A organizadora informou que iniciou uma apuração própria e conseguiu identificar o candidato que aparece na imagem. Os dados levantados serão encaminhados à Polícia Civil para que sejam investigadas as circunstâncias relacionadas à produção, utilização e divulgação da fotografia.
O Instituto Avalia também anunciou que o candidato será eliminado do concurso. A medida foi tomada para preservar a integridade do concurso, sem antecipar qualquer conclusão sobre eventual crime.
A organizadora ressaltou que a existência da fotografia, analisada isoladamente, não demonstra acesso antecipado às questões, quebra de sigilo ou produção da imagem durante o período em que a prova estava sendo realizada.
O Instituto Avalia também detalhou os mecanismos de segurança utilizados durante a aplicação das provas. Entre eles estavam registro fotográfico dos candidatos, detectores de metais, controle e acondicionamento de aparelhos eletrônicos, fiscalização de entradas, saídas e sanitários, acompanhamento dos deslocamentos e aplicação de diferentes versões das provas.
Segundo a empresa, 12 candidatos foram conduzidos à delegacia durante a operação de segurança. Outros 23 candidatos foram eliminados administrativamente por descumprimento das regras previstas no edital.
As prisões ocorreram em Natal e Mossoró. Conforme informações da Polícia Civil, os suspeitos são investigados por possível utilização de equipamentos eletrônicos para receber respostas durante a realização do exame.

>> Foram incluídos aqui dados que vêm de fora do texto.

(* Let $0<\phi<\pi/6$ and let $H\in\mathcal H$, i.e. $H(p,t)$ is analytic in $p\in\mathcal S_\phi$ and $|H(p,t)|<C|p|^{\alpha-1}e^{\rho|p|}$ for some positive constants $C,\alpha,\rho$. Let $F\in\mathcal A_\phi$. Then for $\nu>\rho+1$, $H*F\in\mathcal A_\phi$ and $$\|H*F\|_\nu\le\||H|*|F|\|_\nu\le K\,C\,\Gamma(\alpha)(\nu-\rho)^{-\alpha}\|F\|_\nu,$$ where $K>0$ is a constant not depending on $\nu$ or $F$.
   Context: $\mathcal S_\phi=\{p:\arg p\in(-\phi,\phi),0<|p|<\infty\}$, $T>0$, $\mathcal K=\overline{\mathcal S_\phi}\times[0,T]$. For $\nu>0$, $\|G\|_\nu=M_0\sup_{(p,t)\in\mathcal K}(1+|p|^2)e^{-\nu|p|}|G(p,t)|$ (also used for continuous functions on $\mathcal K$), with $M_0=\sup_{s\ge0}\frac{2(1+s^2)(\ln(1+s^2)+s\arctan s)}{s(s^2+4)}$. $\mathcal A_\phi$ is the Banach space of functions $F(p,t)$ analytic in $p$ on $\mathcal S_\phi$ and continuous on $\overline{\mathcal S_\phi}$ for each $t\in[0,T]$, with $\|F\|_\nu<\infty$. Convolution: $(H*F)(p,t)=\int_0^pH(s,t)F(p-s,t)\,ds$ along the segment $[0,p]$; for $p=|p|e^{i\theta}$, $(|H|*|F|)(p,t)=\int_0^{|p|}|H(se^{i\theta},t)||F(p-se^{i\theta},t)|\,ds$. *)

theory Defs
  imports "HOL-Complex_Analysis.Complex_Analysis"
begin

definition sector :: "real \<Rightarrow> complex set" where
  "sector \<phi> = {p. p \<noteq> 0 \<and> \<bar>Arg p\<bar> < \<phi>}"

definition Kset :: "real \<Rightarrow> real \<Rightarrow> (complex \<times> real) set" where
  "Kset \<phi> T = closure (sector \<phi>) \<times> {0..T}"

definition M0 :: real where
  "M0 = (SUP s\<in>{0::real..}. 2 * (1 + s\<^sup>2) * (ln (1 + s\<^sup>2) + s * arctan s) / (s * (s\<^sup>2 + 4)))"

definition weighted :: "real \<Rightarrow> (complex \<Rightarrow> real \<Rightarrow> 'a::real_normed_vector) \<Rightarrow> complex \<times> real \<Rightarrow> real" where
  "weighted \<nu> G = (\<lambda>(p,t). (1 + (cmod p)\<^sup>2) * exp (- \<nu> * cmod p) * norm (G p t))"

definition nu_bounded :: "real \<Rightarrow> real \<Rightarrow> real \<Rightarrow> (complex \<Rightarrow> real \<Rightarrow> 'a::real_normed_vector) \<Rightarrow> bool" where
  "nu_bounded \<phi> T \<nu> G = bdd_above (weighted \<nu> G ` Kset \<phi> T)"

definition nu_norm :: "real \<Rightarrow> real \<Rightarrow> real \<Rightarrow> (complex \<Rightarrow> real \<Rightarrow> 'a::real_normed_vector) \<Rightarrow> real" where
  "nu_norm \<phi> T \<nu> G = M0 * (SUP x\<in>Kset \<phi> T. weighted \<nu> G x)"

definition A_phi :: "real \<Rightarrow> real \<Rightarrow> real \<Rightarrow> (complex \<Rightarrow> real \<Rightarrow> complex) \<Rightarrow> bool" where
  "A_phi \<phi> T \<nu> F \<longleftrightarrow>
     (\<forall>t\<in>{0..T}. (\<lambda>p. F p t) holomorphic_on sector \<phi> \<and>
                 continuous_on (closure (sector \<phi>)) (\<lambda>p. F p t)) \<and>
     nu_bounded \<phi> T \<nu> F"

definition in_H :: "real \<Rightarrow> real \<Rightarrow> (complex \<Rightarrow> real \<Rightarrow> complex) \<Rightarrow> real \<Rightarrow> real \<Rightarrow> real \<Rightarrow> bool" where
  "in_H \<phi> T H C \<alpha> \<rho> \<longleftrightarrow>
     (\<forall>t\<in>{0..T}. (\<lambda>p. H p t) holomorphic_on sector \<phi> \<and>
                 continuous_on (closure (sector \<phi>) - {0}) (\<lambda>p. H p t) \<and>
                 (\<forall>p\<in>sector \<phi>. cmod (H p t) < C * cmod p powr (\<alpha> - 1) * exp (\<rho> * cmod p)))"

definition conv :: "(complex \<Rightarrow> real \<Rightarrow> complex) \<Rightarrow> (complex \<Rightarrow> real \<Rightarrow> complex) \<Rightarrow> complex \<Rightarrow> real \<Rightarrow> complex" where
  "conv H F p t = contour_integral (linepath 0 p) (\<lambda>s. H s t * F (p - s) t)"

definition absconv :: "(complex \<Rightarrow> real \<Rightarrow> complex) \<Rightarrow> (complex \<Rightarrow> real \<Rightarrow> complex) \<Rightarrow> complex \<Rightarrow> real \<Rightarrow> real" where
  "absconv H F p t = integral {0..cmod p}
      (\<lambda>s. cmod (H (of_real s * sgn p) t) * cmod (F (p - of_real s * sgn p) t))"

end

theory Submission
  imports Defs
begin

text \<open>
  Substituting s = u p turns (|H| * |F|)(p) into |p| times the integral over u in [0,1] of
  |H(u p)| |F((1-u) p)|. Inserting |H(q)| <= C |q|^(alpha-1) e^(rho |q|) and
  |F(q)| <= ||F|| e^(nu |q|) / (1 + |q|^2) and multiplying by the weight (1 + |p|^2) e^(-nu |p|),
  the exponentials combine to e^(-mu |p| u) with mu = nu - rho >= 1. For u <= 1/2 the quotient
  of the polynomial weights is at most 4, and e^(-x) <= c (1 + x)^(-alpha-1) leaves an integral
  that can be computed in closed form and is at most mu^(-alpha)/alpha; for u > 1/2 the factor
  e^(-mu |p| / 2) absorbs the weight. Integrating over u gives the bound with
  K Gamma(alpha) = (4 (alpha+1)^(alpha+1) + (2 (alpha+2))^(alpha+2)) / alpha.
  H * F is analytic because it is the locally uniform limit, as a -> 0+, of the integrals over
  u in [a, 1-a], which may be differentiated under the integral sign.
\<close>

section \<open>Geometry of the sector\<close>

lemma open_sector:
  assumes "\<phi> \<le> pi"
  shows "open (sector \<phi>)"
proof -
  have eq: "sector \<phi> = (- \<real>\<^sub>\<le>\<^sub>0) \<inter> Arg -` {-\<phi><..<\<phi>}"
  proof (intro set_eqI iffI)
    fix p assume p: "p \<in> sector \<phi>"
    hence p0: "p \<noteq> 0" and a: "\<bar>Arg p\<bar> < \<phi>" by (auto simp: sector_def)
    have "p \<notin> \<real>\<^sub>\<le>\<^sub>0"
    proof
      assume "p \<in> \<real>\<^sub>\<le>\<^sub>0"
      then obtain r where "p = of_real r" "r \<le> 0" by (auto elim: nonpos_Reals_cases)
      with p0 have "Arg p = pi" by simp
      with a assms show False by auto
    qed
    with a show "p \<in> (- \<real>\<^sub>\<le>\<^sub>0) \<inter> Arg -` {-\<phi><..<\<phi>}" by auto
  qed (auto simp: sector_def)
  have "continuous_on (- \<real>\<^sub>\<le>\<^sub>0) Arg"
    by (intro continuous_at_imp_continuous_on ballI continuous_at_Arg) auto
  moreover have "open (- \<real>\<^sub>\<le>\<^sub>0 :: complex set)"
    using closed_nonpos_Reals_complex by (simp add: open_Compl)
  ultimately show ?thesis
    unfolding eq by (intro continuous_open_preimage) auto
qed

lemma of_real_mult_in_sector: "q \<in> sector \<phi> \<Longrightarrow> 0 < c \<Longrightarrow> of_real c * q \<in> sector \<phi>"
  by (auto simp: sector_def)

lemma one_in_sector: "0 < \<phi> \<Longrightarrow> 1 \<in> sector \<phi>"
  by (auto simp: sector_def)

lemma zero_notin_sector: "0 \<notin> sector \<phi>"
  by (auto simp: sector_def)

Em Mossoró, dez pessoas foram presas e, segundo a investigação policial, foram encontrados indícios de utilização de equipamentos como pontos eletrônicos. Em Natal, outras duas pessoas foram presas sob suspeita de participação em um esquema no qual terceiros resolveriam questões fora dos locais de prova e transmitiriam as respostas aos candidatos.
A Polícia Civil continua investigando como funcionaria a possível fraude e se outras pessoas participaram do esquema. Entre as hipóteses analisadas está a atuação de indivíduos do lado externo dos locais de aplicação para resolver questões e repassar as respostas por meio de dispositivos eletrônicos.
O Instituto Avalia afirmou que as ocorrências identificadas durante a aplicação não significam, por si só, fraude generalizada no concurso. Para a organizadora, tentativas individuais de fraude que tenham sido identificadas e interrompidas não se confundem com o comprometimento do certame como um todo.
Paralelamente às investigações policiais, o Ministério Público do Rio Grande do Norte (MPRN) abriu procedimento para verificar se existem elementos que possam justificar a anulação das provas escritas do concurso da Secretaria de Estado da Administração Penitenciária (Seap).
A apuração é conduzida pela 70ª Promotoria de Justiça de Natal e considera, entre outros pontos, a prisão em flagrante de candidatos durante a aplicação da prova. O MPRN também analisa a circulação de fotografias de páginas do caderno de questões em aplicativos de mensagens.
Outro ponto sob análise são possíveis falhas nos mecanismos de segurança. Documentos encaminhados ao Ministério Público indicaram que a empresa organizadora não teria utilizado detectores de metais em todas as salas de aplicação.
Para esclarecer as circunstâncias, o MPRN solicitou informações à Secretaria de Estado da Administração (Sead) e ao Instituto Avalia. Os órgãos terão 15 dias para apresentar os dados requisitados.
Entre as informações solicitadas estão os locais de aplicação, os procedimentos de segurança empregados, a utilização de detectores de metais e eventuais contatos mantidos anteriormente com órgãos de inteligência e investigação.
O Ministério Público também acompanhará as investigações conduzidas pela Delegacia Especializada em Defesa do Patrimônio Público e Combate à Corrupção, responsável pela apuração das suspeitas relacionadas à realização das provas.
Enquanto o MPRN avalia se houve irregularidades capazes de comprometer a isonomia entre os candidatos, o Instituto Avalia sustenta que, até o momento, não identificou evidências de vazamento ou quebra do sigilo da prova e afirma que continuará colaborando com as autoridades.